Yeast culturing is now easy for even the first-time brewer because of the recent introduction of premade sterile culturing materials. At least three yeast culture companies supply sterile materials such as petri dishes for yeast purification, slants for yeast storage, and wort tubes for scaling up yeast; they also supply useful laboratory equipment such as inoculating loops and alcohol burners. All materials are sterilized, providing users a bacteria-free culturing medium. Instruction booklets and technical service numbers further ensure successful yeast culturing.
General Culturing Practice
Although culturing practices vary, they all use the principles discussed below and shown in Figure 1. All transfers are made using an inoculating loop with sterile technique. A pure yeast strain is streaked out on a petri dish to form colonies (each originating from one yeast cell). One or several colonies are inoculated into sterile media. After a growth period of 1-3 days, this media is used to make a seed culture in 15% glycerol, which is then stored at -70 degrees C (-94 degrees F). Seed stocks are best maintained by a culturing facility that has the proper equipment. The seed stock will be used only if absolutely needed.
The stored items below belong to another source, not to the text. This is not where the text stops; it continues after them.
lemma inverse_form_defect_le:
  fixes R Ri :: "nat \<Rightarrow> nat \<Rightarrow> complex" and a b :: "nat \<Rightarrow> complex"
  assumes herm: "\<And>i j. cnj (R i j) = R j i"
    and coercive: "\<And>x. c * (\<Sum>i<L. (cmod (x i))\<^sup>2) \<le> Re (\<Sum>i<L. cnj (x i) * (\<Sum>j<L. R i j * x j))"
    and "0 < c"
    and right_inv: "\<And>i k. i < L \<Longrightarrow> k < L \<Longrightarrow> (\<Sum>j<L. R i j * Ri j k) = (if i = k then 1 else 0)"
    and left_inv: "\<And>i k. i < L \<Longrightarrow> k < L \<Longrightarrow> (\<Sum>j<L. Ri i j * R j k) = (if i = k then 1 else 0)"
    and a_unit: "(\<Sum>i<L. cnj (a i) * a i) = 1"
    and b_eq: "\<And>i. b i = g * a i - (\<Sum>j<L. R i j * a j)"
  shows "cmod g * cmod (g * (\<Sum>i<L. cnj (a i) * (\<Sum>j<L. Ri i j * a j)) - 1)
           \<le> cmod (\<Sum>i<L. cnj (a i) * b i) + (\<Sum>i<L. (cmod (b i))\<^sup>2) / c"
proof -
  define z where "z i = (\<Sum>j<L. Ri i j * b j)" for i
  have "(\<Sum>i<L. cnj (z i) * (\<Sum>j<L. R i j * z j)) = (\<Sum>i<L. cnj (z i) * b i)"
    unfolding z_def by (intro sum.cong refl) (simp add: sum_mult_inverse_apply[OF right_inv])
  with coercive[of z] have bz: "cmod (\<Sum>i<L. cnj (b i) * z i) \<le> (\<Sum>i<L. (cmod (b i))\<^sup>2) / c"
    by (intro norm_inner_le_of_coercive \<open>0 < c\<close>) simp
  have "cmod g * cmod (g * (\<Sum>i<L. cnj (a i) * (\<Sum>j<L. Ri i j * a j)) - 1) =
      cmod (cnj g * (g * (\<Sum>i<L. cnj (a i) * (\<Sum>j<L. Ri i j * a j)) - 1))"
    by (simp add: norm_mult)
  also have "\<dots> = cmod ((\<Sum>i<L. cnj (a i) * b i) + (\<Sum>i<L. cnj (b i) * z i))"
    using inverse_form_defect_eq[OF herm right_inv left_inv a_unit b_eq] by (simp add: z_def)
  also have "\<dots> \<le> cmod (\<Sum>i<L. cnj (a i) * b i) + cmod (\<Sum>i<L. cnj (b i) * z i)"
    by (rule norm_triangle_ineq)
  finally show ?thesis using bz by linarith
qed

locale coercive_symbol = weighted_summable +
  fixes c :: real
  assumes coercivity_pos: "0 < c"
    and hermitian: "\<And>k. r (- k) = cnj (r k)"
    and coercive: "\<And>n x. c * (\<Sum>i<n. (cmod (x i))\<^sup>2) \<le> Re (\<Sum>i<n. cnj (x i) * (\<Sum>j<n. r (int i - int j) * x j))"
begin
General yeast culturing and amplification for brewing
Master Seed Yeast Strain
(store in 15% glycerol at -70°C -94°F)
(stored refrigerated on agar-solidified worts slants)
Working Petri Dishes
(stored refrigerated on agar-solidified wort)
Primary Starter Culture
(50mL of sterilized wort grown 1-2 days)
Secondary Starter Culture
(1 L of sterilized wort grown 1-2 days)
Tertiary Starter Culture
(20L of sanitized wort grown 1-2 days)
Quaternary Starter Culture
(100L of sanitized wort grown 1-2 days)
Home brewers and small-scale professional brewers can use working cultures as a substitute for professionally maintained seed stocks. The small-scale brewer can inoculate test tube slants and store them in the refrigerator as an alternative to storage at -70 degrees C. Make two slants; use one and save for other to inoculate a new set of slants three months later. By repeating this procedure every three months, you can permanently maintain a strain in good health.
The yeast from the remaining working slants is streaked onto petri dishes to make working stock. A new petri dish is streaked biweekly or when the yeast has not been recently used. From the working petri dish several colonies are picked and used to inoculate a sealed 50-mL tube of sterilized wort and incubated at room temperature for 1-2 days until activity is observed. This culture is then scaled up (Figure 1). Some of the later steps may not be needed, depending on the size of the fermentation desired. Generally, a 1:20 yeast-to-wort ratio (v/v) should be used when inoculating the wort.
(1) Greg Noonan, Brewing Lager Beer (Brewers Publications, Boulder, Colorado, 1986), p. 70.
(2) P. Farnsworth, Zymurgy 12 (4), 10-13 (1989).
(3) G.J. Fix, Principles of Brewing Science (Brewers Publications, Boulder, Colorado, 1989).